### Exercise
Check each line of the material. Copy those containing "bool".

### Source material
=====

lemma cycle_support_min_degree:
  fixes c :: "'a::linorder set \<Rightarrow> 'b::field"
  assumes "finite V" and cycle: "c \<in> cycles (clique_simplices V E) (Suc r)"
  shows "min_degree_set E (Suc (Suc r)) (\<Union>{\<sigma>. c \<sigma> \<noteq> 0})"
  unfolding min_degree_set_def
proof
  let ?S = "clique_simplices V E" and ?W = "\<Union>{\<sigma>. c \<sigma> \<noteq> 0}"
  have support: "\<sigma> \<in> ?S (Suc r)" if "c \<sigma> \<noteq> 0" for \<sigma>
    using cycle that by (auto simp: cycles_def chains_def)
  then have "?W \<subseteq> V"
    by (auto simp: clique_simplices_def)
  then have "finite ?W"
    using assms(1) finite_subset by blast
  fix v assume "v \<in> ?W"
  then obtain \<sigma> where c\<sigma>: "c \<sigma> \<noteq> 0" and v: "v \<in> \<sigma>" by auto
  then have \<sigma>: "\<sigma> \<in> ?S (Suc r)" using support by blast
  then have card\<sigma>: "card \<sigma> = Suc (Suc r)" and clique: "\<forall>x\<in>\<sigma>. \<forall>y\<in>\<sigma>. x \<noteq> y \<longrightarrow> E x y"
    by (auto simp: clique_simplices_def)
  then have "finite \<sigma>"
    by (intro card_ge_0_finite) simp
  have "card (\<sigma> - {v}) = Suc r"
    using card\<sigma> v \<open>finite \<sigma>\<close> by simp
  then obtain w where w: "w \<in> \<sigma>" "w \<noteq> v"
    by (metis Diff_iff card.empty ex_in_conv insertI1 nat.distinct(1))
  define \<tau> where "\<tau> = \<sigma> - {w}"
  have "\<tau> \<in> ?S r"
    using \<sigma> w \<open>finite \<sigma>\<close> by (auto simp: \<tau>_def clique_simplices_def)
  then obtain \<sigma>' where \<sigma>': "\<sigma>' \<in> ?S (Suc r)" "\<sigma>' \<noteq> \<sigma>" "\<tau> \<subseteq> \<sigma>'" "c \<sigma>' \<noteq> 0"
    using cycle_face_in_second_support[OF finite_clique_simplices[OF assms(1)] cycle c\<sigma>]
    by (auto simp: \<tau>_def)
  have "card \<sigma>' = Suc (Suc r)"
    using \<sigma>'(1) by (simp add: clique_simplices_def)
  then have "\<not> \<sigma>' \<subseteq> \<sigma>"
    using \<sigma>'(2) card\<sigma> \<open>finite \<sigma>\<close> card_subset_eq by metis
  then obtain w' where w': "w' \<in> \<sigma>'" "w' \<notin> \<sigma>"
    by blast
  have "E v w'"
    using \<sigma>'(1,3) w' v w by (auto simp: \<tau>_def clique_simplices_def)
  then have "insert w' (\<sigma> - {v}) \<subseteq> {u\<in>?W. E v u}"
    using clique v c\<sigma> \<sigma>'(4) w' by auto
  moreover have "finite {u\<in>?W. E v u}"
    using \<open>finite ?W\<close> by (rule rev_finite_subset) blast
  ultimately have "card (insert w' (\<sigma> - {v})) \<le> card {u\<in>?W. E v u}"
    by (intro card_mono)
  then show "Suc (Suc r) \<le> card {u\<in>?W. E v u}"
    using \<open>finite \<sigma>\<close> w' card\<sigma> v by simp
qed
(* Let $m\geq 2$ and $n\geq 2$ be integers, let $T_m$ be a tree of order $m$ and $K_n$ the complete graph of order $n$. Then $$\max\{rvc(T_m),\,n+2\}\leq rvcl(T_m\diamond K_n)\leq 2m+n-2.$$
   Context: All graphs are finite, simple, connected and undirected; $d$ denotes graph distance. A rainbow vertex $k$-coloring of $G$ is a map $c:V(G)\to\{1,\dots,k\}$ such that every two vertices are joined by a path whose internal vertices all receive distinct colors; $rvc(G)$ is the least $k$ for which $G$ has one. For such $c$ let $R_i=c^{-1}(i)$; the rainbow code of $v$ is $(d(v,R_1),\dots,d(v,R_k))$ with $d(v,R_i)=\min_{x\in R_i}d(v,x)$. A locating rainbow $k$-coloring is a rainbow vertex $k$-coloring in which distinct vertices have distinct rainbow codes; $rvcl(G)$ is the least $k$ for which one exists. For graphs $G_m$ (order $m$) and $H_n$ (order $n$) on disjoint vertex sets, the edge corona $G_m\diamond H_n$ is obtained from one copy of $G_m$ and $|E(G_m)|$ vertex-disjoint copies of $H_n$, one per edge of $G_m$, by joining both end vertices of the $j$-th edge of $G_m$ to every vertex of the $j$-th copy of $H_n$. *)

theory Defs
  imports Main
begin

type_synonym 'a ugraph = "'a set \<times> 'a set set"

definition verts :: "'a ugraph \<Rightarrow> 'a set" where "verts G = fst G"
definition edges :: "'a ugraph \<Rightarrow> 'a set set" where "edges G = snd G"

definition adj :: "'a ugraph \<Rightarrow> 'a \<Rightarrow> 'a \<Rightarrow> bool" where
  "adj G u v \<longleftrightarrow> {u, v} \<in> edges G"

definition wf_graph :: "'a ugraph \<Rightarrow> bool" where
  "wf_graph G \<longleftrightarrow> finite (verts G) \<and>
     (\<forall>e\<in>edges G. \<exists>u v. e = {u, v} \<and> u \<noteq> v \<and> u \<in> verts G \<and> v \<in> verts G)"

definition is_path :: "'a ugraph \<Rightarrow> 'a list \<Rightarrow> 'a \<Rightarrow> 'a \<Rightarrow> bool" where
  "is_path G p u v \<longleftrightarrow> p \<noteq> [] \<and> hd p = u \<and> last p = v \<and> distinct p \<and>
     set p \<subseteq> verts G \<and> (\<forall>i. Suc i < length p \<longrightarrow> adj G (p ! i) (p ! Suc i))"

definition connected_graph :: "'a ugraph \<Rightarrow> bool" where
  "connected_graph G \<longleftrightarrow> wf_graph G \<and> verts G \<noteq> {} \<and>
     (\<forall>u\<in>verts G. \<forall>v\<in>verts G. \<exists>p. is_path G p u v)"

definition is_cycle :: "'a ugraph \<Rightarrow> 'a list \<Rightarrow> bool" where
  "is_cycle G p \<longleftrightarrow> length p \<ge> 3 \<and> distinct p \<and> set p \<subseteq> verts G \<and>
     (\<forall>i. Suc i < length p \<longrightarrow> adj G (p ! i) (p ! Suc i)) \<and> adj G (last p) (hd p)"

definition is_tree :: "'a ugraph \<Rightarrow> bool" where
  "is_tree G \<longleftrightarrow> connected_graph G \<and> \<not> (\<exists>p. is_cycle G p)"

definition is_complete :: "'a ugraph \<Rightarrow> bool" where
  "is_complete G \<longleftrightarrow> wf_graph G \<and> (\<forall>u\<in>verts G. \<forall>v\<in>verts G. u \<noteq> v \<longrightarrow> adj G u v)"

definition gdist :: "'a ugraph \<Rightarrow> 'a \<Rightarrow> 'a \<Rightarrow> nat" where
  "gdist G u v = (LEAST k. \<exists>p. is_path G p u v \<and> length p = Suc k)"

definition rainbow_vertex_coloring :: "'a ugraph \<Rightarrow> nat \<Rightarrow> ('a \<Rightarrow> nat) \<Rightarrow> bool" where
  "rainbow_vertex_coloring G k c \<longleftrightarrow> c ` verts G \<subseteq> {1..k} \<and>
     (\<forall>u\<in>verts G. \<forall>v\<in>verts G. u \<noteq> v \<longrightarrow>
        (\<exists>p. is_path G p u v \<and> inj_on c (set (butlast (tl p)))))"

definition rvc :: "'a ugraph \<Rightarrow> nat" where
  "rvc G = (LEAST k. \<exists>c. rainbow_vertex_coloring G k c)"

definition dist_set :: "'a ugraph \<Rightarrow> 'a \<Rightarrow> 'a set \<Rightarrow> nat" where
  "dist_set G v R = Min ((\<lambda>x. gdist G v x) ` R)"

definition rainbow_code :: "'a ugraph \<Rightarrow> nat \<Rightarrow> ('a \<Rightarrow> nat) \<Rightarrow> 'a \<Rightarrow> nat list" where
  "rainbow_code G k c v = map (\<lambda>i. dist_set G v {x\<in>verts G. c x = i}) [1..<Suc k]"

definition locating_rainbow_coloring :: "'a ugraph \<Rightarrow> nat \<Rightarrow> ('a \<Rightarrow> nat) \<Rightarrow> bool" where
  "locating_rainbow_coloring G k c \<longleftrightarrow> rainbow_vertex_coloring G k c \<and>
     inj_on (rainbow_code G k c) (verts G)"

definition rvcl :: "'a ugraph \<Rightarrow> nat" where
  "rvcl G = (LEAST k. \<exists>c. locating_rainbow_coloring G k c)"

text \<open>Edge corona G \<diamond> H: vertices Inl v (v in G) and Inr (e, h) (copy of h in the copy of H
  attached to the edge e of G).\<close>
definition edge_corona :: "'a ugraph \<Rightarrow> 'b ugraph \<Rightarrow> ('a + ('a set \<times> 'b)) ugraph" where
  "edge_corona G H =
    (Inl ` verts G \<union> {Inr (e, h) | e h. e \<in> edges G \<and> h \<in> verts H},
     {{Inl u, Inl v} | u v. {u, v} \<in> edges G}
     \<union> {{Inr (e, x), Inr (e, y)} | e x y. e \<in> edges G \<and> {x, y} \<in> edges H}
     \<union> {{Inl a, Inr (e, h)} | a e h. e \<in> edges G \<and> a \<in> e \<and> h \<in> verts H})"

end

theory Submission
  imports Defs
begin
theorem theorem1p5:
  fixes k :: nat and eps :: "nat \<Rightarrow> real" and A :: "vec \<Rightarrow> vec"
  assumes "k \<ge> 2"
    and "\<forall>i\<in>{1..k}. eps i = 1 \<or> eps i = -1"
    and "model_iso k eps A"
  shows "\<exists>\<sigma> :: nat \<Rightarrow> nat. \<exists>a0 :: real. \<exists>b :: nat \<Rightarrow> real.
           bij_betw \<sigma> {1..k} {1..k}
         \<and> (\<forall>i\<in>{1..k}. \<bar>a0\<bar> * (b i)\<^sup>2 = 1)
         \<and> (\<exists>\<xi>\<in>AV k. A (ebas (BU 0)) = (\<lambda>x. a0 * ebas (BU 0) x + \<xi> x))
         \<and> (\<forall>i\<in>{1..k}.
              (\<exists>\<xi>\<in>ASV k eps. A (ebas (BU i)) = (\<lambda>x. b i * ebas (BU (\<sigma> i)) x + \<xi> x))
            \<and> (\<exists>\<xi>\<in>AV k. A (ebas (BS i)) = (\<lambda>x. sgn a0 * ebas (BS (\<sigma> i)) x + \<xi> x)))"
proof -
  interpret model_isomorphism k eps A
    using assms by unfold_locales simp_all
  define \<sigma> where "\<sigma> = inv_into {1..k} tau"
  have \<sigma>_bij: "bij_betw \<sigma> {1..k} {1..k}" unfolding \<sigma>_def by (rule bij_betw_inv_into[OF tau_bij])
  have \<sigma>: "\<sigma> p \<in> {1..k}" "tau (\<sigma> p) = p" if "p \<in> {1..k}" for p
    using bij_betwE[OF \<sigma>_bij] bij_betw_inv_into_right[OF tau_bij] that unfolding \<sigma>_def by auto
  show ?thesis
  proof (intro exI[of _ \<sigma>] exI[of _ "Ublock 0 0"] exI[of _ "\<lambda>p. Ublock (\<sigma> p) p"] conjI ballI)
    show "bij_betw \<sigma> {1..k} {1..k}" by (fact \<sigma>_bij)
    show "\<exists>\<xi>\<in>AV k. A (ebas (BU 0)) = (\<lambda>x. Ublock 0 0 * ebas (BU 0) x + \<xi> x)"
      by (rule bex_offset[OF A_U0_mod_AV[OF assms(1)]])
    fix p assume p: "p \<in> {1..k}"
    show "\<bar>Ublock 0 0\<bar> * (Ublock (\<sigma> p) p)\<^sup>2 = 1"
      using abs_Ublock_00_mult_square[OF assms(2) \<sigma>(1)[OF p]] \<sigma>(2)[OF p] by simp
    show "\<exists>\<xi>\<in>ASV k eps. A (ebas (BU p)) = (\<lambda>x. Ublock (\<sigma> p) p * ebas (BU (\<sigma> p)) x + \<xi> x)"
      using bex_offset[OF A_U_tau_mod_ASV[OF assms(1) \<sigma>(1)[OF p]]] \<sigma>(2)[OF p] by simp
    show "\<exists>\<xi>\<in>AV k. A (ebas (BS p)) = (\<lambda>x. sgn (Ublock 0 0) * ebas (BS (\<sigma> p)) x + \<xi> x)"
      using bex_offset[OF A_S_tau_mod_AV[OF assms(2) \<sigma>(1)[OF p]]] \<sigma>(2)[OF p] by simp
  qed
qed

end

=====

### Solution
definition adj :: "'a ugraph \<Rightarrow> 'a \<Rightarrow> 'a \<Rightarrow> bool" where
definition wf_graph :: "'a ugraph \<Rightarrow> bool" where
definition is_path :: "'a ugraph \<Rightarrow> 'a list \<Rightarrow> 'a \<Rightarrow> 'a \<Rightarrow> bool" where
definition connected_graph :: "'a ugraph \<Rightarrow> bool" where
definition is_cycle :: "'a ugraph \<Rightarrow> 'a list \<Rightarrow> bool" where
definition is_tree :: "'a ugraph \<Rightarrow> bool" where
definition is_complete :: "'a ugraph \<Rightarrow> bool" where
definition rainbow_vertex_coloring :: "'a ugraph \<Rightarrow> nat \<Rightarrow> ('a \<Rightarrow> nat) \<Rightarrow> bool" where
definition locating_rainbow_coloring :: "'a ugraph \<Rightarrow> nat \<Rightarrow> ('a \<Rightarrow> nat) \<Rightarrow> bool" where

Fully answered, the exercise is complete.